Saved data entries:
☆ ☆ ☆ ☆ ☆
(* The map $\phi$ from the poset $\mathcal{FP}$ of nonempty faces of $V_O$ (ordered by inclusion) to the poset $\mathcal{SC}$, given by $\phi(F)=\bigcup_{\lambda\in\Xi_1,\ F\subseteq H_\lambda}\mathrm{supp}(\lambda)$, is injective and order-preserving: if $F_1\subseteq F_2$ then $\phi(F_1)\preceq\phi(F_2)$.
   Context: $G=(V,E)$ is a finite connected graph, possibly with parallel edges and loops; $\mathbb E$ is the set of oriented edges ($e$ and its reverse $\bar e$). Real $1$-chains $x:\mathbb E\to\mathbb R$ satisfy $x_{\bar e}=-x_e$; $\langle x,y\rangle=\sum_{e\in E}x_ey_e$, $q(x)=\langle x,x\rangle$. A flow satisfies $\sum_{e\text{ with tail }v}x_e=0$ at every vertex $v$; $H$ is the space of real flows and $\Lambda$ the lattice of integer flows. $V_O=\{x\in H: q(x)\le q(x-\mu)\ \forall\mu\in\Lambda\}$. For a flow $x$, $\mathrm{supp}(x)=\{e\in\mathbb E: x_e>0\}$. A circuit is an orientation of a cycle as a directed cycle; $x^C_e=1$ if $e\in C$, $-1$ if $\bar e\in C$, $0$ otherwise. $\Xi_1=\{x^C: C\text{ a circuit}\}$; for $\lambda\in\Xi_1$, $H_\lambda=\{x\in H: 2\langle x,\lambda\rangle=q(\lambda)\}$. $\mathcal{SC}$ is the set of pairs $(H',D)$ with $H'$ a subgraph of $G$ (identified with its edge set) and $D$ a strongly connected orientation of $H'$ (on each component any two vertices are joined by directed paths both ways), ordered by $(H_1,D_1)\preceq(H_2,D_2)$ iff $H_2\subseteq H_1$ and $D_2$ is the restriction of $D_1$ to $H_2$. *)

theory Defs
  imports "HOL-Analysis.Analysis"
begin

text \<open>Graph G: vertices = finite type 'v (V = UNIV), edges = finite type 'e (E = UNIV),
  each edge e with a reference orientation from tail e to head e (loops and parallel
  edges allowed). Oriented edges are pairs (e, True) = e and (e, False) = reversed e.
  Real 1-chains are vectors x :: real^'e, x $ e being the value on the reference
  orientation; hence the inner product x \<bullet> y is \<Sum>e\<in>E. x_e y_e.\<close>

type_synonym 'e oedge = "'e \<times> bool"

definition otail :: "('e \<Rightarrow> 'v) \<Rightarrow> ('e \<Rightarrow> 'v) \<Rightarrow> 'e oedge \<Rightarrow> 'v" where
  "otail tail head d = (if snd d then tail (fst d) else head (fst d))"

definition ohead :: "('e \<Rightarrow> 'v) \<Rightarrow> ('e \<Rightarrow> 'v) \<Rightarrow> 'e oedge \<Rightarrow> 'v" where
  "ohead tail head d = (if snd d then head (fst d) else tail (fst d))"

definition rev_oedge :: "'e oedge \<Rightarrow> 'e oedge" where
  "rev_oedge d = (fst d, \<not> snd d)"
(* Let $L\ge2$, $k\ge2$, $\Lambda=\{1,\dots,L\}^2$, $\widetilde\Lambda=\{L\}\times\{1,\dots,L\}$, $\mathbf v=((1,1),(L,1))\in\Lambda^2$, and $W_k=\{\mathbf v\mathbf u:\mathbf u\in\widetilde\Lambda^{k-2}\}\subset\Lambda^k$ (concatenation of strings). Let $\lambda_1,\lambda_2,\dots$ be independent random variables taking values in $\Lambda$, and let $A_m$ be the event $(\lambda_m,\dots,\lambda_{m+k-1})\in W_k$. Then for every finite $I\subset\mathbb{N}$, \[ \mathbb{P}\Bigl[\bigcap_{i\in I}A_i^c\Bigr]\le\prod_{i\in I}\mathbb{P}[A_i^c]. \] *)

theory Defs
  imports "HOL-Probability.Probability"
begin

definition Lam :: "nat \<Rightarrow> (nat \<times> nat) set" where
  "Lam L = {1..L} \<times> {1..L}"

definition Lamt :: "nat \<Rightarrow> (nat \<times> nat) set" where
  "Lamt L = {L} \<times> {1..L}"

definition Wk :: "nat \<Rightarrow> nat \<Rightarrow> (nat \<times> nat) list set" where
  "Wk L k = {[(1,1),(L,1)] @ u | u. length u = k - 2 \<and> set u \<subseteq> Lamt L}"

definition evA :: "'s measure \<Rightarrow> (nat \<Rightarrow> 's \<Rightarrow> nat \<times> nat) \<Rightarrow> nat \<Rightarrow> nat \<Rightarrow> nat \<Rightarrow> 's set" where
  "evA M X L k m = {\<omega> \<in> space M. map (\<lambda>j. X (m + j) \<omega>) [0..<k] \<in> Wk L k}"

end

theory Submission
  imports Defs
begin

(* Every word of W_k starts with (1,1), while all its later letters have first coordinate
   L \<noteq> 1; hence two occurrences of the pattern less than k apart are impossible.
   Induct on I by adding its largest element b. Inside A_b, avoiding the pattern at all
   a \<in> I - {b} is the same as avoiding it at those a with a + k \<le> b, an event that
   depends only on \<lambda>'s before position b and so is independent of A_b, and that is larger
   than avoiding it on I - {b}. This gives
   P[no occurrence in I] \<le> P[no occurrence in I - {b}] * P[A_b^c]. *)

definition occurrence ::
    "'s measure \<Rightarrow> (nat \<Rightarrow> 's \<Rightarrow> 'a) \<Rightarrow> (nat \<Rightarrow> 'a set) \<Rightarrow> nat \<Rightarrow> nat \<Rightarrow> 's set" where
  "occurrence M X S k m = {\<omega>\<in>space M. \<forall>j<k. X (m + j) \<omega> \<in> S j}"

definition no_occurrence ::
    "'s measure \<Rightarrow> (nat \<Rightarrow> 's \<Rightarrow> 'a) \<Rightarrow> (nat \<Rightarrow> 'a set) \<Rightarrow> nat \<Rightarrow> nat set \<Rightarrow> 's set" where
  "no_occurrence M X S k I = {\<omega>\<in>space M. \<forall>i\<in>I. \<omega> \<notin> occurrence M X S k i}"

definition non_overlapping :: "(nat \<Rightarrow> 'a set) \<Rightarrow> nat \<Rightarrow> bool" where
  "non_overlapping S k \<longleftrightarrow> (\<forall>d. 0 < d \<and> d < k \<longrightarrow> S 0 \<inter> S d = {})"

lemma occurrences_disjoint:
  assumes "non_overlapping S k" and "a < b" and "b < a + k"
  shows "occurrence M X S k a \<inter> occurrence M X S k b = {}"
proof -
  have "X b \<omega> \<in> S 0 \<inter> S (b - a)"
    if "\<omega> \<in> occurrence M X S k a \<inter> occurrence M X S k b" for \<omega>
  proof -
    have at_a: "\<forall>j<k. X (a + j) \<omega> \<in> S j" and at_b: "\<forall>j<k. X (b + j) \<omega> \<in> S j"
      using that unfolding occurrence_def by auto
    show ?thesis
      using at_a[rule_format, of "b - a"] at_b[rule_format, of 0] assms(2,3) by simp
  qed
  moreover have "S 0 \<inter> S (b - a) = {}"
    using assms unfolding non_overlapping_def by auto
  ultimately show ?thesis by blast
qed

lemma no_occurrence_insert:
  "no_occurrence M X S k (insert b A) = no_occurrence M X S k A - occurrence M X S k b"
  unfolding no_occurrence_def occurrence_def by auto

lemma no_occurrence_antimono:
  "A \<subseteq> B \<Longrightarrow> no_occurrence M X S k B \<subseteq> no_occurrence M X S k A"
  unfolding no_occurrence_def by auto

lemma no_occurrence_Int_occurrence:
  assumes "non_overlapping S k" and "\<forall>a\<in>A. a < b"
  shows "no_occurrence M X S k A \<inter> occurrence M X S k b
       = no_occurrence M X S k {a\<in>A. a + k \<le> b} \<inter> occurrence M X S k b"
proof -
  have "\<omega> \<notin> occurrence M X S k a"
    if "\<omega> \<in> occurrence M X S k b" and "a \<in> A" and "b < a + k" for \<omega> a
    using occurrences_disjoint[OF assms(1), of a b M X] that assms(2) by blast
  then show ?thesis
    unfolding no_occurrence_def using not_le by blast
qed

lemma pred_PiM_count_space_window:
  fixes K :: "nat set"
  assumes "\<And>j. j < k \<Longrightarrow> m + j \<in> K"
  shows "Measurable.pred (PiM K (\<lambda>_. count_space UNIV)) (\<lambda>x. \<forall>j<k. x (m + j) \<in> S j)"
proof -
  have "Measurable.pred (PiM K (\<lambda>_. count_space UNIV)) (\<lambda>x. \<forall>j\<in>{..<k}. x (m + j) \<in> S j)"
  proof (rule pred_intros_finite(3))
    fix j assume "j \<in> {..<k}"
    then have "(\<lambda>x. x (m + j)) \<in> measurable (PiM K (\<lambda>_. count_space UNIV)) (count_space UNIV)"
      using assms by (intro measurable_component_singleton) simp
    then show "Measurable.pred (PiM K (\<lambda>_. count_space UNIV)) (\<lambda>x. x (m + j) \<in> S j)"
      by (rule pred_sets2[OF sets_UNIV])
  qed simp
  then show ?thesis
    unfolding lessThan_iff Ball_def .
qed

context prob_space
begin

lemma occurrence_in_events:
  assumes "\<And>j. j < k \<Longrightarrow> random_variable (count_space UNIV) (X (m + j))"
  shows "occurrence M X S k m \<in> events"
proof -
  have "Measurable.pred M (\<lambda>\<omega>. \<forall>j\<in>{..<k}. X (m + j) \<omega> \<in> S j)"
  proof (rule pred_intros_finite(3))
    fix j assume "j \<in> {..<k}"
    then show "Measurable.pred M (\<lambda>\<omega>. X (m + j) \<omega> \<in> S j)"
      using assms by (intro pred_sets2[OF sets_UNIV]) simp
  qed simp
  then show ?thesis
    unfolding occurrence_def Measurable.pred_def lessThan_iff Ball_def .
qed

lemma no_occurrence_in_events:
  assumes "finite I" and "\<And>i. i \<in> I \<Longrightarrow> occurrence M X S k i \<in> events"
  shows "no_occurrence M X S k I \<in> events"
proof -
  have "no_occurrence M X S k I = space M - (\<Union>i\<in>I. occurrence M X S k i)"
    unfolding no_occurrence_def occurrence_def by auto
  then show ?thesis
    using assms by auto
qed

lemma indep_vars_prob_conj_restrict:
  assumes "indep_vars N X J" and "K1 \<inter> K2 = {}" and "K1 \<subseteq> J" and "K2 \<subseteq> J"
    and "Measurable.pred (PiM K1 N) P1" and "Measurable.pred (PiM K2 N) P2"
  shows "prob {\<omega>\<in>space M. P1 (\<lambda>i\<in>K1. X i \<omega>) \<and> P2 (\<lambda>i\<in>K2. X i \<omega>)}
       = prob {\<omega>\<in>space M. P1 (\<lambda>i\<in>K1. X i \<omega>)} * prob {\<omega>\<in>space M. P2 (\<lambda>i\<in>K2. X i \<omega>)}"
proof -
  define B1 where "B1 = {x\<in>space (PiM K1 N). P1 x}"
  define B2 where "B2 = {x\<in>space (PiM K2 N). P2 x}"
  have "X i \<omega> \<in> space (N i)" if "i \<in> J" and "\<omega> \<in> space M" for i \<omega>
    using assms(1) that unfolding indep_vars_def by (auto intro: measurable_space)
  then have in_space: "(\<lambda>i\<in>K. X i \<omega>) \<in> space (PiM K N)" if "K \<subseteq> J" and "\<omega> \<in> space M" for K \<omega>
    using that by (auto simp: space_PiM)
  have "prob ((\<lambda>\<omega>. (\<lambda>i\<in>K1. X i \<omega>, \<lambda>i\<in>K2. X i \<omega>)) -` (B1 \<times> B2) \<inter> space M)
      = prob ((\<lambda>\<omega>. \<lambda>i\<in>K1. X i \<omega>) -` B1 \<inter> space M) * prob ((\<lambda>\<omega>. \<lambda>i\<in>K2. X i \<omega>) -` B2 \<inter> space M)"
    using assms(5,6) unfolding B1_def B2_def Measurable.pred_def
    by (intro indep_varD[OF indep_var_restrict[OF assms(1-4)]])
  moreover have "(\<lambda>\<omega>. (\<lambda>i\<in>K1. X i \<omega>, \<lambda>i\<in>K2. X i \<omega>)) -` (B1 \<times> B2) \<inter> space M
      = {\<omega>\<in>space M. P1 (\<lambda>i\<in>K1. X i \<omega>) \<and> P2 (\<lambda>i\<in>K2. X i \<omega>)}"
    using in_space assms(3,4) unfolding B1_def B2_def by auto
  moreover have "(\<lambda>\<omega>. \<lambda>i\<in>K1. X i \<omega>) -` B1 \<inter> space M = {\<omega>\<in>space M. P1 (\<lambda>i\<in>K1. X i \<omega>)}"
    using in_space assms(3) unfolding B1_def by auto
  moreover have "(\<lambda>\<omega>. \<lambda>i\<in>K2. X i \<omega>) -` B2 \<inter> space M = {\<omega>\<in>space M. P2 (\<lambda>i\<in>K2. X i \<omega>)}"
    using in_space assms(4) unfolding B2_def by auto
  ultimately show ?thesis by simp
qed
(* Let $f:\mathbb{X}\to\mathbb{R}$ be a finite measurable function. If $\limsup_n \frac1n\,|f\circ T^{-n}+f\circ T^{n}|<+\infty$ $\mu$-a.e. on a set of positive measure, then $\lim_n \frac1n f\circ T^n=0$ $\mu$-a.e. on $\mathbb{X}$.
   Context: Standing assumptions: $(\mathbb{X},\mathcal{X},\mu,T)$ is a probability space with $T$ an invertible, bi-measurable, measure-preserving, ergodic transformation. *)

theory Defs
  imports "HOL-Probability.Probability"
begin

definition measure_preserving :: "'a measure \<Rightarrow> ('a \<Rightarrow> 'a) \<Rightarrow> bool" where
  "measure_preserving M T \<longleftrightarrow> T \<in> measurable M M \<and>
     (\<forall>A\<in>sets M. emeasure M (T -` A \<inter> space M) = emeasure M A)"

definition invertible_bimeasurable :: "'a measure \<Rightarrow> ('a \<Rightarrow> 'a) \<Rightarrow> bool" where
  "invertible_bimeasurable M T \<longleftrightarrow> bij_betw T (space M) (space M) \<and>
     T \<in> measurable M M \<and> inv_into (space M) T \<in> measurable M M"

definition ergodic :: "'a measure \<Rightarrow> ('a \<Rightarrow> 'a) \<Rightarrow> bool" where
  "ergodic M T \<longleftrightarrow> (\<forall>A\<in>sets M. T -` A \<inter> space M = A \<longrightarrow>
     measure M A = 0 \<or> measure M A = 1)"

definition standing_system :: "'a measure \<Rightarrow> ('a \<Rightarrow> 'a) \<Rightarrow> bool" where
  "standing_system M T \<longleftrightarrow> prob_space M \<and> invertible_bimeasurable M T \<and>
     measure_preserving M T \<and> ergodic M T"

end

theory Submission
  imports Defs
begin

text \<open>Ergodicity together with the maximal ergodic inequality shows that along almost every orbit a
  set \<open>E\<close> of positive measure is visited with positive frequency, so for every \<open>q\<close> and all large
  \<open>k\<close> there is a visit time \<open>v < k\<close> with \<open>q (k - v) \<le> k\<close>.

  The hypothesis provides such a set \<open>E\<close> on which \<open>\<bar>f (T\<^sup>-\<^sup>n y) + f (T\<^sup>n y)\<bar> \<le> j n\<close> for all
  \<open>n \<ge> 1\<close>. Taking \<open>y = T\<^sup>v x\<close> and \<open>n = k - v\<close> with \<open>v \<ge> k/2\<close> bounds \<open>\<bar>f (T\<^sup>k x)\<bar>\<close> by
  \<open>\<bar>f (T\<^sup>v\<^sup>-\<^sup>n x)\<bar> + j n\<close>, and strong induction on \<open>k\<close> yields \<open>\<bar>f (T\<^sup>k x)\<bar> \<le> c (k + 1)\<close> almost
  everywhere. Hence some set \<open>G\<close> of positive measure carries a uniform such bound, and a visit to
  \<open>G\<close> at a time \<open>v\<close> with \<open>q (k - v) \<le> k\<close> gives \<open>\<bar>f (T\<^sup>k x)\<bar> / k \<le> c / q + c / k\<close>.\<close>

lemma (in prob_space) prob_pos_member_if_AE_covered:
  fixes E :: "nat \<Rightarrow> 'a set"
  assumes "\<And>j. E j \<in> events" and "A \<in> events" and "0 < prob A"
    and cover: "AE x in M. x \<in> A \<longrightarrow> (\<exists>j. x \<in> E j)"
  shows "\<exists>j. 0 < prob (E j)"
proof (rule ccontr)
  assume "\<nexists>j. 0 < prob (E j)"
  then have "prob (E j) = 0" for j by (meson measure_nonneg not_less order.antisym)
  then have "E j \<in> null_sets M" for j using assms(1) by (simp add: emeasure_eq_measure null_sets_def)
  then have "AE x in M. x \<notin> (\<Union>j. E j)" by (intro AE_not_in) auto
  with cover have "AE x in M. x \<notin> A" by eventually_elim auto
  then have "A \<in> null_sets M" using assms(2) by (simp add: AE_iff_null_sets)
  then show False using \<open>0 < prob A\<close> by (simp add: emeasure_eq_measure null_sets_def)
qed
lemma norm_slpmm_update_square_le:
  fixes xk x1 xh :: "real^'n" and lam Gk Gh :: "real^'m"
  assumes \<sigma>: "0 < \<sigma>" and \<alpha>: "0 \<le> \<alpha>" and C: "convex C" and x1: "x1 \<in> C" and xh: "xh \<in> C"
    and min: "\<And>y. y \<in> C \<Longrightarrow>
        slpmm_L \<sigma> xk Fk Gk v0k vk x1 lam + \<alpha> / 2 * (norm (x1 - xk))\<^sup>2
        \<le> slpmm_L \<sigma> xk Fk Gk v0k vk y lam + \<alpha> / 2 * (norm (y - xk))\<^sup>2"
    and sub: "\<And>i. Gk $ i + inner (vk i) (xh - xk) \<le> Gh $ i"
  shows "(norm (slpmm_update \<sigma> xk Gk vk x1 lam))\<^sup>2
      \<le> (norm (lam + \<sigma> *\<^sub>R Gh))\<^sup>2 + 2 * \<sigma> * inner v0k (xh - x1)
        + \<alpha> * \<sigma> * ((norm (xh - xk))\<^sup>2 - (norm (xh - x1))\<^sup>2)"
proof -
  let ?U = "\<lambda>y. (norm (slpmm_update \<sigma> xk Gk vk y lam))\<^sup>2 - (norm lam)\<^sup>2"
  have "slpmm_L \<sigma> xk Fk Gk v0k vk x1 lam + \<alpha> / 2 * (norm (x1 - xk))\<^sup>2 + \<alpha> / 2 * (norm (xh - x1))\<^sup>2
      \<le> slpmm_L \<sigma> xk Fk Gk v0k vk xh lam + \<alpha> / 2 * (norm (xh - xk))\<^sup>2"
    using convex_on_slpmm_L[OF less_imp_le[OF \<sigma>] C] x1 xh min by (rule prox_three_point)
  moreover have "0 \<le> \<alpha> / 2 * (norm (x1 - xk))\<^sup>2"
    using \<alpha> by simp
  ultimately have "?U x1 / (2 * \<sigma>) \<le> inner v0k (xh - x1) + ?U xh / (2 * \<sigma>)
      + \<alpha> / 2 * (norm (xh - xk))\<^sup>2 - \<alpha> / 2 * (norm (xh - x1))\<^sup>2"
    unfolding slpmm_L_eq inner_diff_right by linarith
  then have "?U x1 \<le> (inner v0k (xh - x1) + ?U xh / (2 * \<sigma>)
      + \<alpha> / 2 * (norm (xh - xk))\<^sup>2 - \<alpha> / 2 * (norm (xh - x1))\<^sup>2) * (2 * \<sigma>)"
    using \<sigma> by (simp add: pos_divide_le_eq)
  also have "\<dots> = 2 * \<sigma> * inner v0k (xh - x1) + ?U xh
      + \<alpha> * \<sigma> * ((norm (xh - xk))\<^sup>2 - (norm (xh - x1))\<^sup>2)"
    using \<sigma> by (simp add: field_simps)
  moreover have "?U xh \<le> (norm (lam + \<sigma> *\<^sub>R Gh))\<^sup>2 - (norm lam)\<^sup>2"
    using norm_slpmm_update_le[OF less_imp_le[OF \<sigma>] sub] by (simp add: power_mono)
  ultimately show ?thesis
    by linarith
qed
☆ ☆ ☆ ☆ ☆
• _TASK_: Output the lines above between the one holding "for K \<omega>" and the one holding "by (intro indep_varD[OF", inclusive, with nothing before or after them.

• _RESULT OF THIS TASK_:
  then have in_space: "(\<lambda>i\<in>K. X i \<omega>) \<in> space (PiM K N)" if "K \<subseteq> J" and "\<omega> \<in> space M" for K \<omega>
    using that by (auto simp: space_PiM)
  have "prob ((\<lambda>\<omega>. (\<lambda>i\<in>K1. X i \<omega>, \<lambda>i\<in>K2. X i \<omega>)) -` (B1 \<times> B2) \<inter> space M)
      = prob ((\<lambda>\<omega>. \<lambda>i\<in>K1. X i \<omega>) -` B1 \<inter> space M) * prob ((\<lambda>\<omega>. \<lambda>i\<in>K2. X i \<omega>) -` B2 \<inter> space M)"
    using assms(5,6) unfolding B1_def B2_def Measurable.pred_def
    by (intro indep_varD[OF indep_var_restrict[OF assms(1-4)]])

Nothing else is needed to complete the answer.